Instructions for the task: Work through the listing below, copying each line that carries the word "proof".

Entries shown:
lemma multiplicative_polyfun_jacobson_invariant:
  assumes "infinite (UNIV :: 'f set)"
    and "f \<in> polyfun scale" and "multiplicative f" and "f 1 = 1"
    and "j \<in> jacobson"
  shows "f (x + j) = f x"
proof -
  have "(\<lambda>x. f (x + j)) = f"
  proof (rule polyfun_eq_if_eq_on_units[OF assms(1) polyfun_translate[OF assms(2)] assms(2)])
    fix u :: 'r
    assume "u \<in> ring_units"
    then obtain v where "u * v = 1"
      unfolding ring_units_def by blast
    then have "u + j = u * (1 + v * j)"
      by (simp add: distrib_left mult.assoc[symmetric])
    moreover have "f (1 + v * j) = 1"
      using jacobson_nilpotent[OF jacobson_mult_left[OF assms(5)]]
        multiplicative_polyfun_one_plus_nilpotent[OF assms(1-4)] by blast
    ultimately show "f (u + j) = f u"
      using assms(3) unfolding multiplicative_def by simp
  qed
  then show ?thesis
    by metis
qed

end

Solution to the exercise:
proof -
  proof (rule polyfun_eq_if_eq_on_units[OF assms(1) polyfun_translate[OF assms(2)] assms(2)])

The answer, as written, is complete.